AUTHOR: Tom Bowden, CEO, HealthLink & Vice President, MSIA
Many healthcare IT aficionados think of interoperability as a ‘magic broom’ that will sweep healthcare’s problems magically aside, connecting IT systems to one another and finally bring the benefits of information technology to an industry stuck in the nineteenth or twentieth century.
Alas, interoperability is a little more complex than that. More realistically interoperability should be thought of a process of knitting together systems so they talk to one another and in a country such as Australia, government has a vital role in determining which standards should be used and exactly how they should be combined – setting this out in as straightforward a manner as possible,
One of the key aspects is setting interconnection standards. Government’s role should be to help industry to choose the right standards and then to ensure they are implementing them correctly.
In the first of a series of commentaries on clinical messaging we look at the emergence of FHIR – The Fast Health Interoperability Resources standards, the latest approach to interoperability emerging from the Health Level Seven (HL7) organisation. FHIR is an innovation that many people think may be a significant leap forward. FHIR has a distinctly Australasian flavour. FHIR is the brainchild of Graham Grieve who is credited as being the evil genius who brought it to fruition.
For many years Anzac cousins Australia and New Zealand have argued good-naturedly over various Australasian icons Pavlova, Pharlap, Russell Crowe, Split Enz all belong to the Kiwis (according to them). The latest dispute is over the “ownership” of HL7 Guru and principal FHIR originator Grahame Grieve. In his younger years (perhaps while planning a parliamentary career) Grahame became an Australian citizen, renouncing his Kiwi roots, however in a final twist to the tale, Grahame has revealed that he was in fact born in Australia and moved to Dunedin as a child, before finally making his mind up and returning to Australia for good.

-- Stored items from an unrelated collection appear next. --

lemma maximizer_pos:
  assumes j: "j < k"
  shows "0 < z j"
proof (rule ccontr)
  assume "\<not> 0 < z j"
  then have zj: "z j = 0" using maximizer_nonneg [OF j] by simp
  have "sum z {..<k} = 1" using z_mem by (simp add: std_simplex_trunc_def std_simplex_def)
  then obtain i where i: "i < k" "0 < z i"
    using sum_nonpos [of "{..<k}" z] by (metis lessThan_iff not_le zero_less_one)
  then have ji: "j \<noteq> i" using zj by auto
  define R where "R = {..<k} - {j, i}"
  define f where "f l = (1 - z l) powr r" for l
  have "powr_gap r (1 - (z j + z i) / 2) ((z i - z j) / 2) = (1 - z i) powr (1 - r) - 1"
    unfolding powr_gap_def zj by simp
  then have "z i * sum_prod_omit R f < prod f R * ((1 - z i) powr (1 - r) - 1)"
    using maximizer_imbalance [OF j i(1) ji] zj i(2) unfolding R_def f_def by simp
  then show False
    using maximizer_rest_lower_bound [OF j zj i] maximizer_pair_fun(1) [OF j i(1) ji]
    unfolding R_def f_def by (simp add: algebra_simps)
qed

lemma maximizer_eq_uniform_vec:
  assumes "k \<ge> 1"
  shows "z = uniform_vec k"
proof -
  define c where "c = z 0"
  have z_c: "z i = c" if "i < k" for i
    unfolding c_def using that assms maximizer_pos by (intro maximizer_pos_coords_eq) auto
  have "sum z {..<k} = 1" "\<forall>i\<ge>k. z i = 0"
    using z_mem by (auto simp: std_simplex_trunc_def std_simplex_def)
  moreover have "sum z {..<k} = real k * c"
    using z_c by simp
  ultimately show ?thesis
    using assms z_c by (auto simp: uniform_vec_def fun_eq_iff not_less field_simps)
qed

end
(* Let $n\ge3$ and $1\le s\le n-1$. Let $I,J\subseteq\{1,\dots,n\}$ with $|I|=s$, $|J|=s+1$, $n\in J$; put $m(J):=\max(J\setminus\{n\})$, and let $i\in CI$ and $j\in J\setminus\{m(J)\}$. Then $\theta_{m(J),j}(J)\in(1+\mathfrak a_{n,s})^*$ and $$\deg_{n,I,i}\big(\theta_{m(J),j}(J)\big)=\begin{cases}-1,& I=J\setminus\{m(J)\},\ i=m(J),\\ 1,& I=J\setminus\{j\},\ i=j,\\ 0,&\text{otherwise}.\end{cases}$$
   Context: $K$ is a field, $\mathbb N=\{0,1,\dots\}$. $\mathbb S_n$: $K$-algebra generated by $x_1,\dots,x_n,y_1,\dots,y_n$ with relations $y_ix_i=1$, $[x_i,y_j]=[x_i,x_j]=[y_i,y_j]=0$ ($i\neq j$). $E_{st}(i):=x_i^sy_i^t-x_i^{s+1}y_i^{t+1}$, $e_i:=E_{00}(i)$, $e_I:=\prod_{i\in I}e_i$, $E_{\alpha\beta}(I):=\prod_{i\in I}E_{\alpha_i\beta_i}(i)$. $\theta_{ij}(J):=(1+(y_i-1)e_{J\setminus\{i\}})(1+(x_j-1)e_{J\setminus\{j\}})$. $\mathfrak p_i$ = ideal generated by $e_i$, $\mathfrak p_I:=\prod_{i\in I}\mathfrak p_i$, $\mathfrak a_{n,s}:=\sum_{|I|=s}\mathfrak p_I$, $\mathfrak a_{n,n+1}:=0$; $(1+\mathfrak b)^*$ = units of $\mathbb S_n$ in $1+\mathfrak b$. $CI$ = complement of $I$; $\mathbb S_{CI}$ = subalgebra generated by $x_k,y_k$, $k\in CI$; $L_{CI}:=K[x_k^{\pm1}:k\in CI]$, with surjection $\mathbb S_{CI}\to L_{CI}$, $x_k\mapsto x_k$, $y_k\mapsto x_k^{-1}$ (kernel generated by the $e_k$, $k\in CI$). Definition of $\det_I$ and $\deg_{n,I,i}$ for $|I|=s<n$: let $\pi:K+\mathfrak a_{n,s}\to Q:=(K+\mathfrak a_{n,s})/\mathfrak a_{n,s+1}$. Then $Q=K\oplus\bigoplus_{|I'|=s}\overline{\mathfrak p}_{I'}$ with $\overline{\mathfrak p}_{I'}$ the image of $\mathfrak p_{I'}$, $\overline{\mathfrak p}_{I'}\overline{\mathfrak p}_{I''}=0$ for $I'\ne I''$, and $\overline{\mathfrak p}_{I}\simeq M_\infty(L_{CI})$ (finitary $\mathbb N^I\times\mathbb N^I$ matrices) via $\overline{aE_{\alpha\beta}(I)}\mapsto\bar a E_{\alpha\beta}$, $a\in\mathbb S_{CI}$. For $u\in(1+\mathfrak a_{n,s})^*$ write $\pi(u)=1+\sum_{|I'|=s}\bar u_{I'}$, $\bar u_{I'}\in\overline{\mathfrak p}_{I'}$; then $1+\bar u_I$ corresponds to a matrix in $\mathrm{GL}_\infty(L_{CI})$ and $\det_I(u)\in L_{CI}^*$ is its determinant; $\det_I:(1+\mathfrak a_{n,s})^*\to L_{CI}^*$ is a group homomorphism. Since $L_{CI}^*=\{\lambda\prod_{k\in CI}x_k^{\alpha_k}:\lambda\in K^*,\alpha_k\in\mathbb Z\}$, for $i\in CI$ define $\deg_{n,I,i}(u):=$ the exponent $\alpha_i$ of $x_i$ in $\det_I(u)$. *)

theory Defs
  imports "HOL-Library.Function_Algebras" "HOL-Library.Poly_Mapping"
          "HOL-Combinatorics.Permutations"
begin
lemma no_root_of_smaller_degree:
  assumes "poly_over K g" "poly g \<gamma> = 0" "degree g < r"
  shows "g = 0"
proof (rule ccontr)
  let ?S = "\<lambda>g. g \<noteq> 0 \<and> poly_over K g \<and> poly g \<gamma> = 0 \<and> degree g < r"
  assume "g \<noteq> 0"
  then obtain g0 where g0: "?S g0" and min: "\<And>h. ?S h \<Longrightarrow> degree g0 \<le> degree h"
    using ex_has_least_nat[of ?S g degree] assms by blast
  have p: "poly_over K p" using irreducible by (simp add: irreducible_over_def poly_over_def)
  obtain s t where st: "p = g0 * s + t" "poly_over K s" "poly_over K t" "t = 0 \<or> degree t < degree g0"
    using poly_over_div_mod[OF subfield _ _ p] g0 by blast
  have "poly t \<gamma> = 0" using st(1) root g0 by simp
  then have "t = 0" using st(3,4) g0 min by (meson less_trans not_le)
  then have "p = g0 * s" using st(1) by simp
  then have "degree g0 = 0 \<or> degree s = 0"
    using irreducible g0 st(2) by (simp add: irreducible_over_def poly_over_def)
  moreover have "degree g0 \<noteq> 0"
  proof
    assume "degree g0 = 0"
    then obtain a where "g0 = [:a:]" by (rule degree_eq_zeroE)
    then show False using g0 by auto
  qed
  moreover have "s \<noteq> 0" using \<open>p = g0 * s\<close> degree degree_pos by auto
  ultimately show False
    using \<open>p = g0 * s\<close> g0 degree by (auto simp: degree_mult_eq)
qed

lemma powers_independent:
  assumes c: "\<forall>i<r. c i \<in> K" and sum: "(\<Sum>i<r. c i * \<gamma> ^ i) = 0" and i: "i < r"
  shows "c i = 0"
proof -
  define f where "f = (\<Sum>i<r. monom (c i) i)"
  have coeff_f: "coeff f j = (if j < r then c j else 0)" for j
    unfolding f_def coeff_sum by (simp add: coeff_monom)
  have "poly_over K f" using c subfield by (auto simp: poly_over_def coeff_f subfield_0)
  moreover have "poly f \<gamma> = 0" using sum by (simp add: f_def poly_sum poly_monom)
  moreover have "degree f \<le> r - 1" by (rule degree_le) (auto simp: coeff_f)
  then have "degree f < r" using degree_pos by linarith
  ultimately have "f = 0" by (rule no_root_of_smaller_degree)
  then show ?thesis using coeff_f[of i] i by simp
qed
lemma elbo_integrands_eq:
  assumes K: "1 \<le> K" and adm: "gmvae_admissible K mz sz mw sw mb sb dec"
  shows "gauss_diag (mw x) (sw x) w * elbo_int1 mz sz dec x z - elbo_int2 K mz sz mw sw mb sb x (w, z)
       - elbo_int3 mw sw x w * gauss_diag (mz x) (sz x) z - elbo_int4 K mz sz mw sw mb sb x (w, z)
       = recognition_density mz sz mw sw x (w, z)
         * ln (gmvae_joint_density K mb sb dec x (w, z) / recognition_density mz sz mw sw x (w, z))"
proof -
  define qw where "qw = gauss_diag (mw x) (sw x) w"
  define qz where "qz = gauss_diag (mz x) (sz x) z"
  define pw where "pw = gauss_diag 0 1 w"
  define px where "px = bern (dec z) x"
  define S where "S = (\<Sum>j<K. gauss_diag (mb j w) (sb j w) z)"
  define r where "r = S / real K"
  have sb: "\<forall>j<K. \<forall>w i. 0 < sb j w $ i"
    using adm by (simp add: gmvae_admissible_def)
  have qw: "0 < qw" and qz: "0 < qz"
    using adm unfolding qw_def qz_def gmvae_admissible_def by (auto intro!: gauss_diag_pos)
  have pw: "0 < pw" and px: "0 < px"
    using adm unfolding pw_def px_def gmvae_admissible_def by (auto intro!: gauss_diag_pos bern_pos)
  have "0 < pw * r"
    using gmvae_prior_density_pos[OF K sb, of mb "(w, z)"]
    by (simp add: gmvae_prior_density_def pw_def r_def S_def)
  then have r: "0 < r"
    using pw by (simp add: zero_less_mult_iff)
  have rec: "recognition_density mz sz mw sw x (w, z) = qw * qz"
    by (simp add: recognition_density_def qw_def qz_def)
  have joint: "gmvae_joint_density K mb sb dec x (w, z) = px * (pw * r)"
    by (simp add: gmvae_joint_density_def gmvae_prior_density_def pw_def px_def r_def S_def)
  have ln_ratio: "ln (px * (pw * r) / (qw * qz)) = ln px + ln pw + ln r - ln qw - ln qz"
    using qw qz pw px r by (simp add: ln_div ln_mult)
  have int1: "elbo_int1 mz sz dec x z = qz * ln px"
    by (simp add: elbo_int1_def qz_def px_def)
  have "elbo_int2 K mz sz mw sw mb sb x (w, z) + elbo_int4 K mz sz mw sw mb sb x (w, z)
      = qw * qz * (ln qz
          - ((\<Sum>j<K. post_v K mb sb j z w * ln (gauss_diag (mb j w) (sb j w) z))
             - (\<Sum>j<K. post_v K mb sb j z w * ln (post_v K mb sb j z w / (1 / real K)))))"
    by (simp add: elbo_int2_def elbo_int4_def qw_def qz_def algebra_simps)
  also have "\<dots> = qw * qz * (ln qz - ln r)"
    unfolding sum_post_v_ln[OF K sb] r_def S_def ..
  finally have int24: "elbo_int2 K mz sz mw sw mb sb x (w, z) + elbo_int4 K mz sz mw sw mb sb x (w, z)
      = qw * qz * (ln qz - ln r)" .
  have int3: "elbo_int3 mw sw x w = qw * (ln qw - ln pw)"
    using qw pw by (simp add: elbo_int3_def qw_def pw_def ln_div)
  show ?thesis
    unfolding rec joint ln_ratio int1 int3 qw_def[symmetric] qz_def[symmetric]
    using int24 by (simp add: algebra_simps)
qed

lemma elbo_eq_integral_ln_ratio:
  fixes mz :: "('d::finite \<Rightarrow> bool) \<Rightarrow> real^'z::finite" and mw :: "('d \<Rightarrow> bool) \<Rightarrow> real^'w::finite"
  assumes K: "1 \<le> K" and adm: "gmvae_admissible K mz sz mw sw mb sb dec"
    and def: "gmvae_loss_defined K mz sz mw sw mb sb dec"
  shows "integrable lborel (\<lambda>q. recognition_density mz sz mw sw x q
            * ln (gmvae_joint_density K mb sb dec x q / recognition_density mz sz mw sw x q))"
    and "elbo K mz sz mw sw mb sb dec x = (\<integral>q. recognition_density mz sz mw sw x q
            * ln (gmvae_joint_density K mb sb dec x q / recognition_density mz sz mw sw x q) \<partial>lborel)"
proof -
  define F where "F q = recognition_density mz sz mw sw x q
      * ln (gmvae_joint_density K mb sb dec x q / recognition_density mz sz mw sw x q)" for q
  define qw where "qw = gauss_diag (mw x) (sw x)"
  define qz where "qz = gauss_diag (mz x) (sz x)"
  have qw: "integrable lborel qw" "integral\<^sup>L lborel qw = 1"
    and qz: "integrable lborel qz" "integral\<^sup>L lborel qz = 1"
    using adm unfolding qw_def qz_def gmvae_admissible_def
    by (auto intro!: integrable_gauss_diag integral_gauss_diag)
  have i1: "integrable lborel (elbo_int1 mz sz dec x)"
    and i2: "integrable lborel (elbo_int2 K mz sz mw sw mb sb x)"
    and i3: "integrable lborel (elbo_int3 mw sw x)"
    and i4: "integrable lborel (elbo_int4 K mz sz mw sw mb sb x)"
    using def unfolding gmvae_loss_defined_def by auto
  define T1 where "T1 = (\<lambda>(w, z). qw w * elbo_int1 mz sz dec x z)"
  define T3 where "T3 = (\<lambda>(w, z). elbo_int3 mw sw x w * qz z)"
  have T1: "integrable lborel T1" "integral\<^sup>L lborel T1 = integral\<^sup>L lborel (elbo_int1 mz sz dec x)"
    using lborel_pair.integrable_product_mult[OF qw(1) i1]
      lborel_pair.integral_product_mult[OF qw(1) i1] qw(2)
    by (simp_all add: T1_def lborel_prod)
  have T3: "integrable lborel T3" "integral\<^sup>L lborel T3 = integral\<^sup>L lborel (elbo_int3 mw sw x)"
    using lborel_pair.integrable_product_mult[OF i3 qz(1)]
      lborel_pair.integral_product_mult[OF i3 qz(1)] qz(2)
    by (simp_all add: T3_def lborel_prod)
  have F: "F = (\<lambda>q. T1 q - elbo_int2 K mz sz mw sw mb sb x q - T3 q - elbo_int4 K mz sz mw sw mb sb x q)"
    by (auto simp: fun_eq_iff F_def T1_def T3_def qw_def qz_def elbo_integrands_eq[OF K adm])
  show "integrable lborel (\<lambda>q. F q)"
    unfolding F using T1 T3 i2 i4 by auto
  show "elbo K mz sz mw sw mb sb dec x = (\<integral>q. F q \<partial>lborel)"
    unfolding F using T1 T3 i2 i4 by (simp add: elbo_def)
qed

Firstly, who or what is HL7?
Health Level Seven (HL7) is an organisation set up by Duke University in 1988 to standardize the means by which healthcare’s computer systems could talk to one another.
This endeavour took an unexpectedly rapid upward turn with the discovery of a highly successful proprietary electronic data interchange format. This was further developed and became known as HL7 v2, the world’s most widely used electronic data interchange (EDI) standard -in any industry sector.
HL7 version 3, was a very promising failure. Entire countries spent huge sums of money trying to implement it and saw it collapse under its own weight. HL7 v3 was an attempt to utilise the highly successful extensible mark-up language (XML) as the basis for developing a new language for health information exchange. General consensus is that the engineers ran amok with it and it became far too complicated.
When the dust settled, only one useful component emerged and that was Clinical Document Architecture (CDA) which is enjoying modest success in a number of countries, Australia among them.
CDA (for managing documents) and HL7 v2 (for exchange of simple clinical messages) are likely to remain in place for the foreseeable future.
And where does FHIR fit into the picture?
Interoperability is becoming about accessing data across many systems, both inside and outside the organization and presenting it to clinicians in a way that is usable and actionable in their workflows.
The FHIR standard has the ability to provide vastly simplified, accelerated and effective clinical information sharing between systems and it is catching on fast.
Vendors are busily developing “FHIR-compatible” capabilities and tools. However, while we can all agree that while FHIR holds great promise for the future of interoperability, the industry shouldn’t abandon the existing HL7 v2 and CDA standards.
FHIR will need to coexist with other standards for the foreseeable future. For a start, there is no compelling economic argument to replace the billions of dollars’ worth of existing health IT systems that use other standards.
It is likely that FHIR will become a translation layer, pulling V2 messages or CDA documents apart and storing them as FHIR resources. Using FHIR as a translation layer will allow systems to take advantage of FHIR and its capabilities.
Healthcare organizations need to be thinking about ‘a strategy for a developing hybrid standards environment’ by implementing solutions that operate with a variety of standards.
Rather than replacing or abandoning their existing technology investments in systems that are far from the end of their lifecycle, organizations should look for solutions that aggregate data from a variety of systems operating with older standards – as well as newer systems based on FHIR.
So please go ahead and develop innovative uses for FHIR but I strongly suggest that you do not view it as a ‘rip and replace opportunity’ but rather a new tool that you can add to your interoperability toolkit.